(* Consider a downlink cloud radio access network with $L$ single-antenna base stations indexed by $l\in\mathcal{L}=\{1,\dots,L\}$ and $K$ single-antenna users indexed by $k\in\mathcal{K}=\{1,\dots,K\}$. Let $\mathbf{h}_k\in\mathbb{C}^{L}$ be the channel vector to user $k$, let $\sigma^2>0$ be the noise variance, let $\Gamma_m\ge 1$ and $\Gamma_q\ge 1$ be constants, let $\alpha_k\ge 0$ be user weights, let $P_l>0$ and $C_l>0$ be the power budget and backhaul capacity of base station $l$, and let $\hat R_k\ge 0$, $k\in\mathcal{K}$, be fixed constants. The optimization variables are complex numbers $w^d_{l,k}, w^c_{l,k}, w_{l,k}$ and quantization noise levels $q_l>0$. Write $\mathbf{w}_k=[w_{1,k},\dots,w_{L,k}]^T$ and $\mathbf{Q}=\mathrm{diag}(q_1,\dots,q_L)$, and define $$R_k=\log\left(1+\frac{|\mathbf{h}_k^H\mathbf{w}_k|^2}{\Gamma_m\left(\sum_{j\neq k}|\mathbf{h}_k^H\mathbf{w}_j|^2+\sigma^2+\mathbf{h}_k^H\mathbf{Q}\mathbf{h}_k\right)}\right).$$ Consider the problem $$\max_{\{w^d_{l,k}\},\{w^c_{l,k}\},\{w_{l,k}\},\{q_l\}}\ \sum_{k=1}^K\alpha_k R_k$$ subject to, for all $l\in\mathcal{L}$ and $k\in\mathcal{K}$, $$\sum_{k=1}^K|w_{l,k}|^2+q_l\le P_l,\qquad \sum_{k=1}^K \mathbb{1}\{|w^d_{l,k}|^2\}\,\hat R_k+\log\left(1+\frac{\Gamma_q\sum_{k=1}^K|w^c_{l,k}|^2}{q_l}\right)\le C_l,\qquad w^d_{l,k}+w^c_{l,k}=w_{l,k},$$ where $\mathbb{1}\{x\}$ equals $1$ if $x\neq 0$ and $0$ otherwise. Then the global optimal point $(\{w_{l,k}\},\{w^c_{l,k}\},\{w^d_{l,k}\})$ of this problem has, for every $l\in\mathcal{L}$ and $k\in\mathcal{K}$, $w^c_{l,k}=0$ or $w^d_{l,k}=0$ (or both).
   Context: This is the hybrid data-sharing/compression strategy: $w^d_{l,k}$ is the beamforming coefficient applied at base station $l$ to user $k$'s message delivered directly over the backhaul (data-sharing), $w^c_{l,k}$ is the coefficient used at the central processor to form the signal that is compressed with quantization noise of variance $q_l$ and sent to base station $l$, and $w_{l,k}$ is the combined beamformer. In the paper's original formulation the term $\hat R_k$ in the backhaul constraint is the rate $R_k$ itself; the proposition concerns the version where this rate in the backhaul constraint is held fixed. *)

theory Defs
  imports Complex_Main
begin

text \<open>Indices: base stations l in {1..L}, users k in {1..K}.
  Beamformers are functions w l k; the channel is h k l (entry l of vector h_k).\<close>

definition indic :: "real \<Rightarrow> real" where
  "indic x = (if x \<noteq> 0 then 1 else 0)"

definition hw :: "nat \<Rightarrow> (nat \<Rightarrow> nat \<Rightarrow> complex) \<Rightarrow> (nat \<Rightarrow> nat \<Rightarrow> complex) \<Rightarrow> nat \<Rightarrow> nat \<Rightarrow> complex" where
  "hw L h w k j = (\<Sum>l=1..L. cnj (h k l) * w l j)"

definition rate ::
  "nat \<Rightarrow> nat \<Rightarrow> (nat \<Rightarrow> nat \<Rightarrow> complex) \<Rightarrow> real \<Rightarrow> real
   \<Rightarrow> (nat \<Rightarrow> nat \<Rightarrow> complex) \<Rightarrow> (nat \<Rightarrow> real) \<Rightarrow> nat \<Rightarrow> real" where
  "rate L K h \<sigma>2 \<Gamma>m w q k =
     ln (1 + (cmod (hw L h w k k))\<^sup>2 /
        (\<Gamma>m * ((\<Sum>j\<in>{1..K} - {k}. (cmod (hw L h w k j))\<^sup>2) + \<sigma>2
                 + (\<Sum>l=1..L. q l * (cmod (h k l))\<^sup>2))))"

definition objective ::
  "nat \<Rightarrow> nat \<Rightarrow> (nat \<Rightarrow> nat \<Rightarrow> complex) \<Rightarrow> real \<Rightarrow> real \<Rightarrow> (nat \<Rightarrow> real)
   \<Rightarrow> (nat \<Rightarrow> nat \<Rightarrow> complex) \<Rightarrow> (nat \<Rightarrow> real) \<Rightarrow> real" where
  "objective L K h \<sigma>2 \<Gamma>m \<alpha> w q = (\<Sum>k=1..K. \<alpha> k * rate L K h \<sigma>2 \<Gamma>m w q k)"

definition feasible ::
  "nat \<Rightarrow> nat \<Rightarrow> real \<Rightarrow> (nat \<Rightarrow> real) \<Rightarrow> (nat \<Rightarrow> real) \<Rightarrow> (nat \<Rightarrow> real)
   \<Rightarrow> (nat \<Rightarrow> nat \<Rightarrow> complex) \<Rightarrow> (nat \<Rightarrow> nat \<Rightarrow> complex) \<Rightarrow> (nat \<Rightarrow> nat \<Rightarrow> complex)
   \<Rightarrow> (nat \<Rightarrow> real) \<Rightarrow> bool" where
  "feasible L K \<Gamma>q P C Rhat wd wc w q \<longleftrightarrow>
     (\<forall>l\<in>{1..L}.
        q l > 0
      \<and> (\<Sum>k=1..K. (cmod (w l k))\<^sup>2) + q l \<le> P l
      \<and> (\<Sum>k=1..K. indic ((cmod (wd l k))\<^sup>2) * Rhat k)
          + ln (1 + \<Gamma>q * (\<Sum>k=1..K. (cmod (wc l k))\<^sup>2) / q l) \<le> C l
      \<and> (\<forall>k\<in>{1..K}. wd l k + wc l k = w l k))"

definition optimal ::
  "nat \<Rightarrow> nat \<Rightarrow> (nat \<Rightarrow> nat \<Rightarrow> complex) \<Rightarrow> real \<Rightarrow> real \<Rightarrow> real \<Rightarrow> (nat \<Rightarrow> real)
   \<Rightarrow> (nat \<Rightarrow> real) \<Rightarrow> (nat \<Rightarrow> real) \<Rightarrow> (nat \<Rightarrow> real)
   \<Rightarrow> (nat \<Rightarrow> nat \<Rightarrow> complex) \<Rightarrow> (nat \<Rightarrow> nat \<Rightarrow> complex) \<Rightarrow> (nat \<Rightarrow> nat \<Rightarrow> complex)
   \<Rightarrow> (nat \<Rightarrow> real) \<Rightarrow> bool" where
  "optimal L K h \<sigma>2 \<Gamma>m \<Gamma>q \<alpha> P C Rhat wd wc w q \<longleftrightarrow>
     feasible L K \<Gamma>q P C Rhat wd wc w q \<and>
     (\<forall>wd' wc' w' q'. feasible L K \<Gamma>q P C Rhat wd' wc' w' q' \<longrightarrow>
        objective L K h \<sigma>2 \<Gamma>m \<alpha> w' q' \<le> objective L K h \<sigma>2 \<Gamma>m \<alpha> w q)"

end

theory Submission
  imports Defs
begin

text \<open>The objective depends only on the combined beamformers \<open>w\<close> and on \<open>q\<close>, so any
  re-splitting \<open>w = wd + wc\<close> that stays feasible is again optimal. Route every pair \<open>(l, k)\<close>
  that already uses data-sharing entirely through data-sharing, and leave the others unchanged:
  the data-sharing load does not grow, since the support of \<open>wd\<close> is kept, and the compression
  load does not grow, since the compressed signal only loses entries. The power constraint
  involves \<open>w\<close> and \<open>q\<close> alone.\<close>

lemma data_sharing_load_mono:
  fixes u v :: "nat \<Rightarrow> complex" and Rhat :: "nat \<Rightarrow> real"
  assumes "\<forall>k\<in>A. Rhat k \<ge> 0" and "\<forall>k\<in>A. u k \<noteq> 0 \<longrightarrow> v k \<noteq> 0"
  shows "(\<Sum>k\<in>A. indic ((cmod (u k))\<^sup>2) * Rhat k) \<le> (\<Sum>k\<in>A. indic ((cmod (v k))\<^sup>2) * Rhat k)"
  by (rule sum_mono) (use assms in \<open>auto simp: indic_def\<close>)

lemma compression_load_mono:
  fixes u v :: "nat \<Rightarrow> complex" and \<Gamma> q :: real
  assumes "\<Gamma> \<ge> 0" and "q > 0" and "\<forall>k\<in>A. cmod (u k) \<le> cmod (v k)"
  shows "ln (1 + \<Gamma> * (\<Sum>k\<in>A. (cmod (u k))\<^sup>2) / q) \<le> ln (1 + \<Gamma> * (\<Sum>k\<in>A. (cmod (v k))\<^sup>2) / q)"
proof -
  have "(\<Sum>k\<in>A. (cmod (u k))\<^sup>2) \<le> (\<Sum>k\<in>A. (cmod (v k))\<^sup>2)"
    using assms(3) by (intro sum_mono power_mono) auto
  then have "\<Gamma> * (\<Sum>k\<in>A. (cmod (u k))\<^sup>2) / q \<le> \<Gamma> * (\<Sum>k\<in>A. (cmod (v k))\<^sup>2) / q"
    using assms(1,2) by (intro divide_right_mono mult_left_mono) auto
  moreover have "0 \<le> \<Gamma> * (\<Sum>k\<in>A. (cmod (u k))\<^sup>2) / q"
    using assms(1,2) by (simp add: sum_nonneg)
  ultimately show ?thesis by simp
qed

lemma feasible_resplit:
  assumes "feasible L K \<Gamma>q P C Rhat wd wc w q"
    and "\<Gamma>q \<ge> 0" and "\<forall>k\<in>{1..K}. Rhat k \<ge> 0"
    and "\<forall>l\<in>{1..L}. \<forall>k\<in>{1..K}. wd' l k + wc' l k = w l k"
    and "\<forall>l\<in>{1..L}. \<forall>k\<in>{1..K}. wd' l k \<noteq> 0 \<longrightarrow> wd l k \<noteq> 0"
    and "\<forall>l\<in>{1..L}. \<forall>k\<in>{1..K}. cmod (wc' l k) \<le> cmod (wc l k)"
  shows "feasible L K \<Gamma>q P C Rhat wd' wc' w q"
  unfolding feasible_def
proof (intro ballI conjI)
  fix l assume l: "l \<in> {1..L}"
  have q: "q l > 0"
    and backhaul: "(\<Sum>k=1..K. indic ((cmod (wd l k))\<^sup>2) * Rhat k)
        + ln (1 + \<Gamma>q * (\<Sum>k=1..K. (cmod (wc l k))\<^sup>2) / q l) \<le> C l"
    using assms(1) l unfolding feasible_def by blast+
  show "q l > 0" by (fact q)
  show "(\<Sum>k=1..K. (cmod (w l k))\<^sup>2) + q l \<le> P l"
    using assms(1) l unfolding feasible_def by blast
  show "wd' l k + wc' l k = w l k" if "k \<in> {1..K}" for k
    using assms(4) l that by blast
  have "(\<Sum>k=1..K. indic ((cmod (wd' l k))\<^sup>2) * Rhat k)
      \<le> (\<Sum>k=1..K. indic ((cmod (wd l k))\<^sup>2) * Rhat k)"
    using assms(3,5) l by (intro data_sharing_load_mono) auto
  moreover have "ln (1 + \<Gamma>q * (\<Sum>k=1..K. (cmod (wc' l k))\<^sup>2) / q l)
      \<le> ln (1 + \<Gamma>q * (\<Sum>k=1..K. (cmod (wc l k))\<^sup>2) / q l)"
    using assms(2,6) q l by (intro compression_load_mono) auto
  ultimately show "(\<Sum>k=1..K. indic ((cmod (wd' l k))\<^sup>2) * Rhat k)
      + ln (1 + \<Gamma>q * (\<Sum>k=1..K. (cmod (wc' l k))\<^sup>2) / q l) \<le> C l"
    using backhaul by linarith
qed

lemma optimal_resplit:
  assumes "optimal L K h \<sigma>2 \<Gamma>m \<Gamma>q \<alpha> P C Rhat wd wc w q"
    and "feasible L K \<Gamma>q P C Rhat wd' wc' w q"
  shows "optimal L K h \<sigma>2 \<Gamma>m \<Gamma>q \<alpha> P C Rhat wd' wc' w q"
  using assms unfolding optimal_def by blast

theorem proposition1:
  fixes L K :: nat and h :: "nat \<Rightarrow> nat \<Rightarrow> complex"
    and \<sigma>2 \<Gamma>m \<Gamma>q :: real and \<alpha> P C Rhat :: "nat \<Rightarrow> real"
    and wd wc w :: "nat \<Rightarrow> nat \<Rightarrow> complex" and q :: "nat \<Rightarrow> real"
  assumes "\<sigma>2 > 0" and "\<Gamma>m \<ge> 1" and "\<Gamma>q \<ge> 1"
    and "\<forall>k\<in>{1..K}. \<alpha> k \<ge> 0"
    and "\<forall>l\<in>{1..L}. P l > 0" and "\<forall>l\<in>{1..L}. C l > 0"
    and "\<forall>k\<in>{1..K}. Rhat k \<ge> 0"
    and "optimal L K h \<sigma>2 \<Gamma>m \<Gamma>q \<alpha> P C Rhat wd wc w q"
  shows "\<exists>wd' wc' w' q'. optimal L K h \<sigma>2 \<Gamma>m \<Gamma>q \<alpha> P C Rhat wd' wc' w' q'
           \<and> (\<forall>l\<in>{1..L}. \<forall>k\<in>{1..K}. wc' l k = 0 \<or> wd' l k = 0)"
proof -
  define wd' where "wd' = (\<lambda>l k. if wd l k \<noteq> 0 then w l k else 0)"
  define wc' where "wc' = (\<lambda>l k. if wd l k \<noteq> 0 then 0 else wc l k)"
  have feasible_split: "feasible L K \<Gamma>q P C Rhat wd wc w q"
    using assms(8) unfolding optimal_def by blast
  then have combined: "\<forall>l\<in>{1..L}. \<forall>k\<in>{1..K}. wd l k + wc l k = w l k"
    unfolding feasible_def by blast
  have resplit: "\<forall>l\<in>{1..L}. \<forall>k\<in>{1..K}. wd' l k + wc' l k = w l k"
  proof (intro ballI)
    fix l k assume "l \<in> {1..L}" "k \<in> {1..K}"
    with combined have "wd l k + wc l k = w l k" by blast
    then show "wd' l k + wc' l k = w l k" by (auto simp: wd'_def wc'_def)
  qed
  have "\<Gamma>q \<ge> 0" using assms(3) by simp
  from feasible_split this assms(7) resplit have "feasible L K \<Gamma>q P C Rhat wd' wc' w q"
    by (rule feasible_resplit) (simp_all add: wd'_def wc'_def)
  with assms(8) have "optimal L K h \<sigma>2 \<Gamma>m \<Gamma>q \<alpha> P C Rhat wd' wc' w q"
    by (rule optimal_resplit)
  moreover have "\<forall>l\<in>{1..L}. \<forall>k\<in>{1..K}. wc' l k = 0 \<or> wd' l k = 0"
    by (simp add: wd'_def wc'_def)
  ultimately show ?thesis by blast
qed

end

━━━━━━━━━━━━━━━━━━━━━━━━━━━━━━

▶ Task item
An exact copy of the lines above, from the one containing "Beamformers are functions" through the one containing "nat \<Rightarrow> real \<Rightarrow>", is the whole of the answer.

▶ Written solution
  Beamformers are functions w l k; the channel is h k l (entry l of vector h_k).\<close>

definition indic :: "real \<Rightarrow> real" where
  "indic x = (if x \<noteq> 0 then 1 else 0)"

definition hw :: "nat \<Rightarrow> (nat \<Rightarrow> nat \<Rightarrow> complex) \<Rightarrow> (nat \<Rightarrow> nat \<Rightarrow> complex) \<Rightarrow> nat \<Rightarrow> nat \<Rightarrow> complex" where
  "hw L h w k j = (\<Sum>l=1..L. cnj (h k l) * w l j)"

definition rate ::
  "nat \<Rightarrow> nat \<Rightarrow> (nat \<Rightarrow> nat \<Rightarrow> complex) \<Rightarrow> real \<Rightarrow> real
   \<Rightarrow> (nat \<Rightarrow> nat \<Rightarrow> complex) \<Rightarrow> (nat \<Rightarrow> real) \<Rightarrow> nat \<Rightarrow> real" where
  "rate L K h \<sigma>2 \<Gamma>m w q k =
     ln (1 + (cmod (hw L h w k k))\<^sup>2 /
        (\<Gamma>m * ((\<Sum>j\<in>{1..K} - {k}. (cmod (hw L h w k j))\<^sup>2) + \<sigma>2
                 + (\<Sum>l=1..L. q l * (cmod (h k l))\<^sup>2))))"

definition objective ::
  "nat \<Rightarrow> nat \<Rightarrow> (nat \<Rightarrow> nat \<Rightarrow> complex) \<Rightarrow> real \<Rightarrow> real \<Rightarrow> (nat \<Rightarrow> real)
   \<Rightarrow> (nat \<Rightarrow> nat \<Rightarrow> complex) \<Rightarrow> (nat \<Rightarrow> real) \<Rightarrow> real" where
  "objective L K h \<sigma>2 \<Gamma>m \<alpha> w q = (\<Sum>k=1..K. \<alpha> k * rate L K h \<sigma>2 \<Gamma>m w q k)"

definition feasible ::
  "nat \<Rightarrow> nat \<Rightarrow> real \<Rightarrow> (nat \<Rightarrow> real) \<Rightarrow> (nat \<Rightarrow> real) \<Rightarrow> (nat \<Rightarrow> real)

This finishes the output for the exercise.